This repository contains the code for the paper:
Logan IV, Robert L., et al. "Benchmarking Scalable Methods for Streaming Cross Document Entity Coreference." ACL 2021.
To get started, we recommend creating a fresh python virtual environment and
then running:
pip install -e .
to install the meercat
library and its dependencies.
Note: MEERCAT was the original name for this project. Feel free to look at the project history to see what it stands for!
Preprocessed data and licenses for MedMentions and Zeshel are available on Google drive, and can be accessed via the following links:
Because data for the AIDA benchmark relies on the Reuters Corpus, you will need to follow the instructions for obtaining this dataset, and then run the following script to preprocess it into the correct format:
python scripts/preprocess_aida_yago2.py --input [PATH TO AIDA-YAGO2-dataset.tsv] --prefix [DIRECTORY TO SAVE JSONL FILES TO]

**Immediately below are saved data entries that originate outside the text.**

(* Let $A$ be a group and $\phi$ a surjective, proper virtual endomorphism of $A$. Let $\Gamma\le\mathrm{Aut}(A)$ be such that $\phi$ and $\Gamma$ are mutually stable. Then the action of $A\rtimes\Gamma$ on $\mathcal{T}_\phi$ is self-similar.
   Context: A virtual endomorphism of a group $A$ is a homomorphism $\phi$ from a finite index subgroup of $A$ to $A$; write $\phi^{-n}(A)$ for the iterated preimages ($\phi^{-0}(A)=A$). $\phi$ is proper if $\bigcap_{n}\phi^{-n}(A)=\{1\}$; a proper virtual endomorphism is injective, so a surjective proper one is a bijection from $\phi^{-1}(A)$ onto $A$. For $\Gamma\le\mathrm{Aut}(A)$, $\phi$ is $\Gamma$-stable if $\gamma(\phi^{-n}(A))=\phi^{-n}(A)$ for all $\gamma\in\Gamma$, $n\in\mathbb{N}$. For bijective $\phi$, $\phi$ and $\Gamma$ are mutually stable if $\phi$ is $\Gamma$-stable and, for each $\gamma\in\Gamma$, the automorphism $\phi\circ\gamma|_{\phi^{-1}(A)}\circ\phi^{-1}$ of $A$ lies in $\Gamma$. The tree of cosets $\mathcal{T}_\phi$ has vertex set $\coprod_{n\ge0}A/\phi^{-n}(A)$ with edges from $a\phi^{-n}(A)$ to $a\phi^{-(n+1)}(A)$; $A\rtimes\Gamma$ acts on it by $(a,\gamma).(a'\phi^{-n}(A))=a\gamma(a')\phi^{-n}(A)$. When $\phi$ is surjective, $\mathcal{T}_\phi$ is isomorphic to the rooted $d$-regular tree $\mathcal{T}_d$ with $d=[A:\phi^{-1}(A)]$. Self-similarity of the action means: writing $B=\phi^{-1}(A)$ and choosing a transversal $T$ of $A/B$, identify for each $t\in T$ the subtree of $\mathcal{T}_\phi$ rooted at $tB$ (all cosets contained in $tB$) with $\mathcal{T}_\phi$ via $\delta_{tB}: a\phi^{-(n+1)}(A)\mapsto \phi(t^{-1}a)\phi^{-n}(A)$; then for every $g\in A\rtimes\Gamma$ and every $t\in T$, if $g$ sends $tB$ to $t'B$ ($t'\in T$), the tree automorphism $\delta_{t'B}\circ g\circ\delta_{tB}^{-1}$ of $\mathcal{T}_\phi$ is the action of some element of $A\rtimes\Gamma$. (Equivalently, the induced action of $A\rtimes \Gamma$ on $\mathcal{T}_d$ under the corresponding identification has image a self-similar subgroup of $\mathrm{Aut}(\mathcal{T}_d)$, i.e. one closed under taking level-1 states.) *)

theory Defs
  imports "HOL-Algebra.Algebra"
begin

primrec vpre :: "('a, 'b) monoid_scheme \<Rightarrow> 'a set \<Rightarrow> ('a \<Rightarrow> 'a) \<Rightarrow> nat \<Rightarrow> 'a set" where
  "vpre G B phi 0 = carrier G"
| "vpre G B phi (Suc n) = {x \<in> B. phi x \<in> vpre G B phi n}"

definition virtual_endo :: "('a, 'b) monoid_scheme \<Rightarrow> 'a set \<Rightarrow> ('a \<Rightarrow> 'a) \<Rightarrow> bool" where
  "virtual_endo G B phi \<longleftrightarrow> subgroup B G \<and> finite {a <#\<^bsub>G\<^esub> B | a. a \<in> carrier G}
     \<and> phi \<in> hom (G\<lparr>carrier := B\<rparr>) G"

definition proper_ve :: "('a, 'b) monoid_scheme \<Rightarrow> 'a set \<Rightarrow> ('a \<Rightarrow> 'a) \<Rightarrow> bool" where
  "proper_ve G B phi \<longleftrightarrow> (\<Inter>n. vpre G B phi n) = {\<one>\<^bsub>G\<^esub>}"
definition c_expect :: "nat \<Rightarrow> real \<Rightarrow> real \<Rightarrow> ((nat \<Rightarrow> real) \<Rightarrow> real) \<Rightarrow> real" where
  "c_expect N \<mu> \<rho> F =
     integral {- sqrt \<rho>..sqrt \<rho>}
        (\<lambda>m'. exp (- \<mu> * real N * m') * (\<rho> - m'\<^sup>2) powr ((real N - 3) / 2) * mc_expect N m' \<rho> F)
     / integral {- sqrt \<rho>..sqrt \<rho>}
        (\<lambda>m'. exp (- \<mu> * real N * m') * (\<rho> - m'\<^sup>2) powr ((real N - 3) / 2))"

text \<open>Projection P_I, with I = idx ` UNIV for an injective idx :: 'k => nat.\<close>
definition proj :: "('k::finite \<Rightarrow> nat) \<Rightarrow> (nat \<Rightarrow> real) \<Rightarrow> real ^ 'k" where
  "proj idx \<phi> = (\<chi> i. \<phi> (idx i))"

end

theory Submission
  imports Defs "HOL-Real_Asymp.Real_Asymp"
begin

(*
  The canonical expectation averages the microcanonical expectations over the magnetisation t
  with weight exp (- \<mu> N t) (\<rho> - t\<^sup>2) powr ((N - 3) / 2) = exp (- 3 \<mu> t + (N - 3) \<phi>(t)), where
  \<phi>(t) = ln (\<rho> - t\<^sup>2) / 2 - \<mu> t. For \<mu> = - m / (\<rho> - m\<^sup>2) the function \<phi> has a nondegenerate
  maximum at m, so by Laplace's method the weighted mean of |t - m| is O(N^(-1/2)).
  On the other hand t \<mapsto> <f \<circ> P_I>_MC^{t,\<rho>;N} is Lipschitz uniformly in N: a point of the sphere is
  t + sqrt (N (\<rho> - t\<^sup>2)) u with u a random unit vector orthogonal to (1, ..., 1), and by
  exchangeability E u_x\<^sup>2 \<le> 1 / N, hence E |u_x| \<le> N^(-1/2). Together, the canonical expectation is
  within O(N^(-1/2)) of the microcanonical one at m. The fixed energy expectation is either the
  latter or a mixture with the other root m', whose relative weight
  ((\<rho> - m'\<^sup>2) / (\<rho> - m\<^sup>2)) powr ((N - 3) / 2) decays exponentially because |m| < |m'|.
*)

section \<open>Laplace asymptotics of the canonical weight\<close>

lemma power2_less_imp_pos: "(m :: real)\<^sup>2 < \<rho> \<Longrightarrow> 0 < \<rho>"
  using zero_le_power2[of m] by linarith

definition canonical_weight :: "nat \<Rightarrow> real \<Rightarrow> real \<Rightarrow> real \<Rightarrow> real" where
  "canonical_weight N \<mu> \<rho> t = exp (- \<mu> * real N * t) * (\<rho> - t\<^sup>2) powr ((real N - 3) / 2)"

lemma c_expect_eq_weighted_mean:
  "c_expect N \<mu> \<rho> F =
     integral {- sqrt \<rho>..sqrt \<rho>} (\<lambda>t. canonical_weight N \<mu> \<rho> t * mc_expect N t \<rho> F)
     / integral {- sqrt \<rho>..sqrt \<rho>} (canonical_weight N \<mu> \<rho>)"
  unfolding c_expect_def canonical_weight_def[abs_def] by (rule refl)

lemma canonical_weight_nonneg: "0 \<le> canonical_weight N \<mu> \<rho> t"
  by (simp add: canonical_weight_def)

lemma continuous_on_canonical_weight:
  assumes "N \<ge> 4"
  shows "continuous_on {- sqrt \<rho>..sqrt \<rho>} (canonical_weight N \<mu> \<rho>)"
proof -
  have "\<rho> - t\<^sup>2 \<ge> 0" if "t \<in> {- sqrt \<rho>..sqrt \<rho>}" for t
    using that real_sqrt_le_iff[of "t\<^sup>2" \<rho>] by (auto simp: abs_le_iff)
  then show ?thesis
    unfolding canonical_weight_def using assms
    by (intro continuous_intros continuous_on_powr') auto
qed

definition free_energy :: "real \<Rightarrow> real \<Rightarrow> real \<Rightarrow> real" where
  "free_energy \<mu> \<rho> t = ln (\<rho> - t\<^sup>2) / 2 - \<mu> * t"

lemma canonical_weight_eq_exp_free_energy:
  assumes "t\<^sup>2 < \<rho>"
  shows "canonical_weight N \<mu> \<rho> t = exp (- 3 * \<mu> * t) * exp ((real N - 3) * free_energy \<mu> \<rho> t)"
proof -
  have "canonical_weight N \<mu> \<rho> t = exp (- \<mu> * real N * t + (real N - 3) / 2 * ln (\<rho> - t\<^sup>2))"
    using assms by (simp add: canonical_weight_def powr_def exp_add[symmetric] algebra_simps)
  also have "\<dots> = exp (- 3 * \<mu> * t + (real N - 3) * free_energy \<mu> \<rho> t)"
    by (simp add: free_energy_def algebra_simps)
  finally show ?thesis by (simp add: mult_exp_exp algebra_simps)
qed

text \<open>The choice \<open>\<mu> = - m / (\<rho> - m\<^sup>2)\<close> makes \<open>m\<close> the critical point of the free energy.\<close>
lemma free_energy_le_quadratic:
  assumes "m\<^sup>2 < \<rho>" "t\<^sup>2 < \<rho>"
  defines "\<mu> \<equiv> - m / (\<rho> - m\<^sup>2)"
  shows "free_energy \<mu> \<rho> t \<le> free_energy \<mu> \<rho> m - (t - m)\<^sup>2 / (2 * (\<rho> - m\<^sup>2))"
proof -
  define v where "v = \<rho> - m\<^sup>2"
  have v: "v > 0" using assms by (simp add: v_def)
  have "ln (\<rho> - t\<^sup>2) - ln v = ln ((\<rho> - t\<^sup>2) / v)"
    using assms v by (simp add: ln_div)
  also have "\<dots> \<le> (\<rho> - t\<^sup>2) / v - 1"
    using assms v by (intro ln_le_minus_one) simp
  finally have "ln (\<rho> - t\<^sup>2) \<le> ln v + (m\<^sup>2 - t\<^sup>2) / v"
    using v by (simp add: v_def field_simps)
  moreover have "(m\<^sup>2 - t\<^sup>2) / v / 2 - \<mu> * t = - \<mu> * m - (t - m)\<^sup>2 / (2 * v)"
    using v unfolding \<mu>_def v_def[symmetric] by (simp add: field_simps power2_eq_square)
  ultimately show ?thesis
    unfolding free_energy_def v_def[symmetric] by (simp add: v_def[symmetric])
qed

lemma ln_add_one_ge:
  fixes y :: real
  assumes "\<bar>y\<bar> \<le> 1 / 2"
  shows "y - 2 * y\<^sup>2 \<le> ln (1 + y)"
proof (cases "y \<ge> 0")
  case True
  then have "y - y\<^sup>2 \<le> ln (1 + y)"
    using assms by (intro ln_one_plus_pos_lower_bound) auto
  then show ?thesis by (smt (verit) zero_le_power2)
next
  case False
  then show ?thesis
    using assms ln_one_minus_pos_lower_bound[of "- y"] by simp
qed

lemma abs_power2_diff_le:
  fixes t m r :: real
  assumes "\<bar>t\<bar> \<le> r" "\<bar>m\<bar> \<le> r"
  shows "\<bar>t\<^sup>2 - m\<^sup>2\<bar> \<le> 2 * r * \<bar>t - m\<bar>"
proof -
  have "\<bar>t\<^sup>2 - m\<^sup>2\<bar> = \<bar>t - m\<bar> * \<bar>t + m\<bar>"
    by (simp add: power2_eq_square abs_mult[symmetric] algebra_simps)
  also have "\<dots> \<le> \<bar>t - m\<bar> * (2 * r)" using assms by (intro mult_left_mono) auto
  finally show ?thesis by (simp add: mult.commute)
qed

lemma free_energy_ge_quadratic:
  assumes "m\<^sup>2 < \<rho>" "\<bar>t\<bar> \<le> sqrt \<rho>" "\<bar>t - m\<bar> \<le> (\<rho> - m\<^sup>2) / (4 * sqrt \<rho>)"
  defines "\<mu> \<equiv> - m / (\<rho> - m\<^sup>2)"
  shows "t\<^sup>2 < \<rho>"
    and "free_energy \<mu> \<rho> t \<ge> free_energy \<mu> \<rho> m
           - (1 / (2 * (\<rho> - m\<^sup>2)) + 4 * \<rho> / (\<rho> - m\<^sup>2)\<^sup>2) * (t - m)\<^sup>2"
proof -
  define v where "v = \<rho> - m\<^sup>2"
  have v: "v > 0" using assms by (simp add: v_def)
  have sqrt_\<rho>: "sqrt \<rho> > 0" using power2_less_imp_pos[OF assms(1)] by simp
  have "\<bar>m\<bar> \<le> sqrt \<rho>" using real_le_rsqrt[of "\<bar>m\<bar>" \<rho>] assms(1) by simp
  define y where "y = (m\<^sup>2 - t\<^sup>2) / v"
  have "\<bar>y\<bar> \<le> 2 * sqrt \<rho> * \<bar>t - m\<bar> / v"
    using abs_power2_diff_le[OF assms(2) \<open>\<bar>m\<bar> \<le> sqrt \<rho>\<close>] v
    by (simp add: y_def abs_div divide_right_mono abs_minus_commute)
  then have y_sq: "y\<^sup>2 \<le> 4 * \<rho> / v\<^sup>2 * (t - m)\<^sup>2" and y_half: "\<bar>y\<bar> \<le> 1 / 2"
  proof -
    assume y: "\<bar>y\<bar> \<le> 2 * sqrt \<rho> * \<bar>t - m\<bar> / v"
    have "y\<^sup>2 \<le> (2 * sqrt \<rho> * \<bar>t - m\<bar> / v)\<^sup>2"
      using power_mono[OF y abs_ge_zero, of 2] by simp
    also have "\<dots> = 4 * \<rho> / v\<^sup>2 * (t - m)\<^sup>2"
      using sqrt_\<rho> by (simp add: power_mult_distrib power_divide)
    finally show "y\<^sup>2 \<le> 4 * \<rho> / v\<^sup>2 * (t - m)\<^sup>2" .
    have "2 * sqrt \<rho> * \<bar>t - m\<bar> \<le> 2 * sqrt \<rho> * (v / (4 * sqrt \<rho>))"
      using assms(3) sqrt_\<rho> unfolding v_def by (intro mult_left_mono) auto
    also have "\<dots> = v / 2" using sqrt_\<rho> by simp
    finally have "2 * sqrt \<rho> * \<bar>t - m\<bar> / v \<le> (v / 2) / v"
      using v by (intro divide_right_mono) auto
    also have "\<dots> = 1 / 2" using v by simp
    finally show "\<bar>y\<bar> \<le> 1 / 2" using y by linarith
  qed
  have "v * (1 + y) = v + (m\<^sup>2 - t\<^sup>2)" using v by (simp add: y_def distrib_left)
  then have \<rho>_t: "\<rho> - t\<^sup>2 = v * (1 + y)" by (simp add: v_def)
  have "1 + y > 0" using y_half by linarith
  then show "t\<^sup>2 < \<rho>" using \<rho>_t v by (smt (verit) mult_pos_pos)
  have "ln (\<rho> - t\<^sup>2) = ln v + ln (1 + y)"
    using \<rho>_t v \<open>1 + y > 0\<close> by (simp add: ln_mult)
  moreover have "y / 2 - \<mu> * t = - \<mu> * m - (t - m)\<^sup>2 / (2 * v)"
    using v unfolding \<mu>_def v_def[symmetric] y_def by (simp add: field_simps power2_eq_square)
  moreover have "(1 / (2 * v) + 4 * \<rho> / v\<^sup>2) * (t - m)\<^sup>2 = (t - m)\<^sup>2 / (2 * v) + 4 * \<rho> / v\<^sup>2 * (t - m)\<^sup>2"
    by (simp add: distrib_right)
  ultimately show "free_energy \<mu> \<rho> t \<ge> free_energy \<mu> \<rho> m
           - (1 / (2 * (\<rho> - m\<^sup>2)) + 4 * \<rho> / (\<rho> - m\<^sup>2)\<^sup>2) * (t - m)\<^sup>2"
    using ln_add_one_ge[OF y_half] y_sq unfolding free_energy_def v_def[symmetric] by linarith
qed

Note: We've also made our code for preprocessing MedMentions and Zeshel
available in the scripts/
directory.
However, due to updates to PubMed the output of the MedMentions preprocessing
script is inconsistent, and so evaluation should be performed using the
preprocessed data linked above.
TO BE COMPLETED
@inproceedings{logan-iv-etal-2021-benchmarking,
title = "Benchmarking Scalable Methods for Streaming Cross Document Entity Coreference",
author = "Logan IV, Robert L and
McCallum, Andrew and
Singh, Sameer and
Bikel, Dan",
booktitle = "Proceedings of the 59th Annual Meeting of the Association for Computational Linguistics and the 11th International Joint Conference on Natural Language Processing (Volume 1: Long Papers)",
month = aug,
year = "2021",
address = "Online",
publisher = "Association for Computational Linguistics",
url = "https://aclanthology.org/2021.acl-long.364",
doi = "10.18653/v1/2021.acl-long.364",
pages = "4717--4731",
abstract = "Streaming cross document entity coreference (CDC) systems disambiguate mentions of named entities in a scalable manner via incremental clustering. Unlike other approaches for named entity disambiguation (e.g., entity linking), streaming CDC allows for the disambiguation of entities that are unknown at inference time. Thus, it is well-suited for processing streams of data where new entities are frequently introduced. Despite these benefits, this task is currently difficult to study, as existing approaches are either evaluated on datasets that are no longer available, or omit other crucial details needed to ensure fair comparison. In this work, we address this issue by compiling a large benchmark adapted from existing free datasets, and performing a comprehensive evaluation of a number of novel and existing baseline models. We investigate: how to best encode mentions, which clustering algorithms are most effective for grouping mentions, how models transfer to different domains, and how bounding the number of mentions tracked during inference impacts performance. Our results show that the relative performance of neural and feature-based mention encoders varies across different domains, and in most cases the best performance is achieved using a combination of both approaches. We also find that performance is minimally impacted by limiting the number of tracked mentions.",
}
The code and data in this repository was written and collected by Robert L. Logan IV as a student at UC Irvine, not as an intern at Google.